Деревья сейчас покрываются молодой зеленью, как в те дни перед нашим расставанием, а ветер наполнен весенними мягкими запахами. На рассвете наш сад сверкает капельками росы. Сегодня утром появились первые ласточки, они садились к нам на крышу. Ночью было так тепло, что в полную луну заголосили петухи. Кажется, это зловещее предзнаменование. В полдень я съел двух голубей, кусок козьего сыра с хлебом; и чашку орехов. Чем еще заниматься старой развалине вроде меня! Я требую от себя одного: сохранять спокойствие.
В Верховном Доме весной тоже поселялись ласточки. Они лепили гнезда под козырьком крыши. Их глиняные шары висели рядом с черепами убитых воинов. Иногда какая-нибудь ласточка ныряла, сложив крылья, в пустую глазницу черепа, чтобы схватить укрывшегося там жучка. По словам Дивиака, это было необыкновенно благоприятное предсказание.
Глава I
Неожиданно события втянули нас в водоворот военных действий. Вот что написал о тех днях Цезарь в IX главе своих «Комментариев»: «Находясь вдали от Галлии, я отдал распоряжение начать постройку военных кораблей на Луаре, реке, которая впадает в океан. Гребцов для них следовало набрать из местного населения, как и матросов и кормчих. Все это необходимо было организовать заранее, до первого моего появления в Галлии. Венеды, а с ними и некоторые другие народы, предчувствуя скорую расправу за свои преступления — не они ли захватывали моих послов и заковывали их в железо, тогда как другие народы с почтением принимали римлян? — стали спешно готовиться к обороне своих земель. Надежда их на успех была, пожалуй, оправдана: они надеялись, что родная природа поможет им. Действительно, грунтовые дороги весной оказывались размытыми паводком и высоким приливом, незнание местности и мелких портов ставило в трудное положение военачальников и моряков. Венеды рассчитывали вести затяжную войну на истощение, они знали, что римская армия испытывает недостаток кораблей, что плавание, стоянка в открытом море непривычны для моряков, привыкших к замкнутой воде. Приняв окончательное решение противостоять Риму, они принялись укреплять города, запасать пропитание, собирать вблизи своего побережья весь свой флот».

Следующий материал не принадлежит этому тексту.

lemma agree_on_lower_braids_Cons:
  assumes "skein_determined N S S'"
    and "skein_compatible (Suc N) S S' f" "skein_compatible (Suc N) S S' g"
    and "N \<ge> 1" "braid_word (Suc N) (h # \<beta>)"
    and "agree_on_lower_braids N (\<lambda>w. f (w @ \<beta>)) (\<lambda>w. g (w @ \<beta>))"
  shows "agree_on_lower_braids N (\<lambda>w. f (w @ h # \<beta>)) (\<lambda>w. g (w @ h # \<beta>))"
  unfolding agree_on_lower_braids_def
proof (intro conjI allI impI)
  fix a assume "braid_word N a"
  then show "f (a @ h # \<beta>) = g (a @ h # \<beta>)"
    using agree_on_lower_braids_Cons_at[OF assms _ braid_word_Nil] by simp
next
  fix a b assume "braid_word N a" "braid_word N b"
  then show "f ((a @ [int N] @ b) @ h # \<beta>) = g ((a @ [int N] @ b) @ h # \<beta>)"
    using agree_on_lower_braids_Cons_at[OF assms] by simp
qed

theorem skein_determined: "skein_determined (Suc n) S S'"
proof (induction n)
  case 0
  then show ?case
    by (simp add: skein_determined_def braid_word_Suc_0_iff agree_on_lower_braids_def)
next
  case (Suc N)
  show ?case unfolding skein_determined_def
  proof (intro allI impI, elim conjE)
    fix f g \<beta> assume f: "skein_compatible (Suc (Suc N)) S S' f" and g: "skein_compatible (Suc (Suc N)) S S' g"
      and lower: "agree_on_lower_braids (Suc (Suc N) - 1) f g" and \<beta>: "braid_word (Suc (Suc N)) \<beta>"
    have "agree_on_lower_braids (Suc N) (\<lambda>w. f (w @ \<gamma>)) (\<lambda>w. g (w @ \<gamma>))"
      if "braid_word (Suc (Suc N)) \<gamma>" for \<gamma>
      using that
    proof (induction \<gamma>)
      case Nil
      then show ?case using lower by simp
    next
      case (Cons h \<gamma>)
      then have "braid_word (Suc (Suc N)) \<gamma>" by simp
      from agree_on_lower_braids_Cons[OF Suc.IH f g _ Cons.prems Cons.IH[OF this]] show ?case by simp
    qed
    from agree_on_lower_braidsD(1)[OF this[OF \<beta>], of "[]"] show "f \<beta> = g \<beta>" by simp
  qed
qed

corollary skein_compatible_unique:
  assumes "skein_compatible (Suc n) S S' f" "skein_compatible (Suc n) S S' g"
    "agree_on_lower_braids n f g" "braid_word (Suc n) \<beta>"
  shows "f \<beta> = g \<beta>"
  using skein_determined[of n S S'] assms unfolding skein_determined_def by simp

section \<open>Half twists\<close>

text \<open>\<open>descending m n\<close> is \<open>\<sigma>\<^sub>n \<sigma>\<^sub>n\<^sub>-\<^sub>1 \<cdots> \<sigma>\<^sub>m\<close>, and \<open>loop_word n = \<sigma>\<^sub>n \<cdots> \<sigma>\<^sub>1 \<sigma>\<^sub>1 \<cdots> \<sigma>\<^sub>n\<close>
  is the pure braid in which the last strand of \<open>B\<^sub>n\<^sub>+\<^sub>1\<close> encircles all the others.\<close>
definition descending :: "nat \<Rightarrow> nat \<Rightarrow> int list" where
  "descending m n = rev (map int [m..<Suc n])"

definition loop_word :: "nat \<Rightarrow> int list" where
  "loop_word n = descending 1 n @ rev (descending 1 n)"

lemma set_descending: "set (descending m n) = int ` {m..n}"
  by (auto simp: descending_def)

lemma descending_eq_snoc: "m \<le> n \<Longrightarrow> descending m n = descending (Suc m) n @ [int m]"
  by (simp add: descending_def upt_conv_Cons)

lemma descending_split: "m \<le> Suc k \<Longrightarrow> k \<le> n \<Longrightarrow> descending m n = descending (Suc k) n @ descending m k"
  using upt_add_eq_append[of m "Suc k" "n - k"] by (simp add: descending_def)

lemma descending_Suc_self: "descending (Suc n) n = []"
  by (simp add: descending_def)

lemma descending_1_Suc: "descending (Suc 0) (Suc n) = int (Suc n) # descending (Suc 0) n"
  by (simp add: descending_def)

lemma descending_1_0: "descending (Suc 0) 0 = []"
  by (simp add: descending_def)

lemma braid_word_descending: "1 \<le> m \<Longrightarrow> n < N \<Longrightarrow> braid_word N (descending m n)"
  by (auto simp: braid_word_def set_descending)

lemma exp_sum_descending_1: "exp_sum (descending (Suc 0) n) = int n"
  by (induction n) (simp_all add: descending_def)

lemma garside_Suc: "garside (Suc n) = garside n @ descending 1 n"
  by (cases n) (simp_all add: descending_def)

lemma set_garside: "g \<in> set (garside n) \<Longrightarrow> 1 \<le> g \<and> g \<le> int n - 1"
  by (induction n) (auto simp: garside_Suc set_descending)

lemma braid_word_garside: "braid_word n (garside n)"
  using set_garside by (force simp: braid_word_def)

lemma exp_sum_garside: "2 * exp_sum (garside n) = int n * (int n - 1)"
  by (induction n) (simp_all add: garside_Suc exp_sum_descending_1 algebra_simps)

lemma loop_word_eq: "1 \<le> n \<Longrightarrow> loop_word n = [int n] @ loop_word (n - 1) @ [int n]"
  by (cases n) (simp_all add: loop_word_def descending_1_Suc)

lemma braid_word_loop_word: "braid_word (Suc n) (loop_word n)"
  by (auto simp: loop_word_def braid_word_def set_descending)

lemma garside_descending_commute:
  "braid_equiv (Suc n) (garside n @ descending 1 n) (rev (descending 1 n) @ garside n)"
proof (induction n)
  case 0
  then show ?case by (simp add: descending_1_0 braid_equiv.refl)
next
  case (Suc n)
  let ?G = "garside n" and ?D = "descending 1 n" and ?N = "Suc (Suc n)"
  have words: "braid_word ?N ?G" "braid_word ?N ?D"
    using braid_word_mono[OF braid_word_garside, of n ?N] braid_word_descending[of 1 n ?N] by auto
  have "braid_equiv ?N ((?G @ ?D) @ [int (Suc n)] @ ?D) ((rev ?D @ ?G) @ [int (Suc n)] @ ?D)"
    using words by (intro braid_equiv_append_right braid_equiv_mono[OF Suc.IH]) auto
  also have "braid_equiv ?N \<dots> (rev ?D @ [int (Suc n)] @ ?G @ ?D)"
  proof -
    have "\<forall>g\<in>set ?G. 2 \<le> \<bar>\<bar>g\<bar> - \<bar>int (Suc n)\<bar>\<bar>" using set_garside[of _ n] by fastforce
    from braid_equiv.sym[OF braid_equiv_commute_far[OF this, of ?N "rev ?D" ?D]] show ?thesis
      using words by simp
  qed
  finally show ?case by (simp add: garside_Suc descending_1_Suc)
qed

Цезарь воспроизводит события довольно точно, хотя хронология их немного нарушена. Ясно то, что его гений и здесь блестяще проявил себя: Цезарь решил разбить венедов не на суше, а на море, где они чувствовали себя неуязвимыми. Находясь в Эпониаке, мы узнали о его маневрах с большим опозданием. Центурии, управляемые легатом седьмого легиона, не стали углубляться в арбатильский лес, они пошли прямо на юг, выбирая открытые дороги и равнины. Гобаннито сообщил нам также о том, что в Ратиаке, на берегу, собрались корабли, отобранные римлянами у пиктонов и аквитенов и приобщенные к городскому флоту, который держит в своих руках вергобрет. Каждое судно имело на борту несколько легионеров для охраны. Кроме того, в городе разместились две центурии под началом трибуна для защиты флота и крепости. Конопатчики, плотники и канатчики города были согнаны на строительство новых кораблей и боевых машин.
Мы собрали военный совет. На нем было решено — благоразумно, как мне кажется, — не трогать римский гарнизон, не пытаться отбить многочисленные корабли, громоздившиеся у пристани города, другими словами, создавать видимость нейтралитета. Вряд ли нам оказалась бы под силу такая операция. Не говоря о том, что венеды вскоре напомнили нам об обещании оказать им поддержку, и нам бы пришлось увести лучшую часть своего войска, оставив город незащищенным перед лицом мстительных легионеров. Не знаю, каким образом венеды узнавали о перемещениях Цезаря из Равенны, но они торопили нас. Нам не оставалось ничего другого, как погрузиться на ладьи и плыть к морю, на запад.
Шиомарра настояла на том, что будет сопровождать меня. Друиды, все ее окружение напрасно уговаривали ее остаться. Но она упрямо повторяла:
— Я имею право на свою долю славы, друзья, и на свою долю опасностей…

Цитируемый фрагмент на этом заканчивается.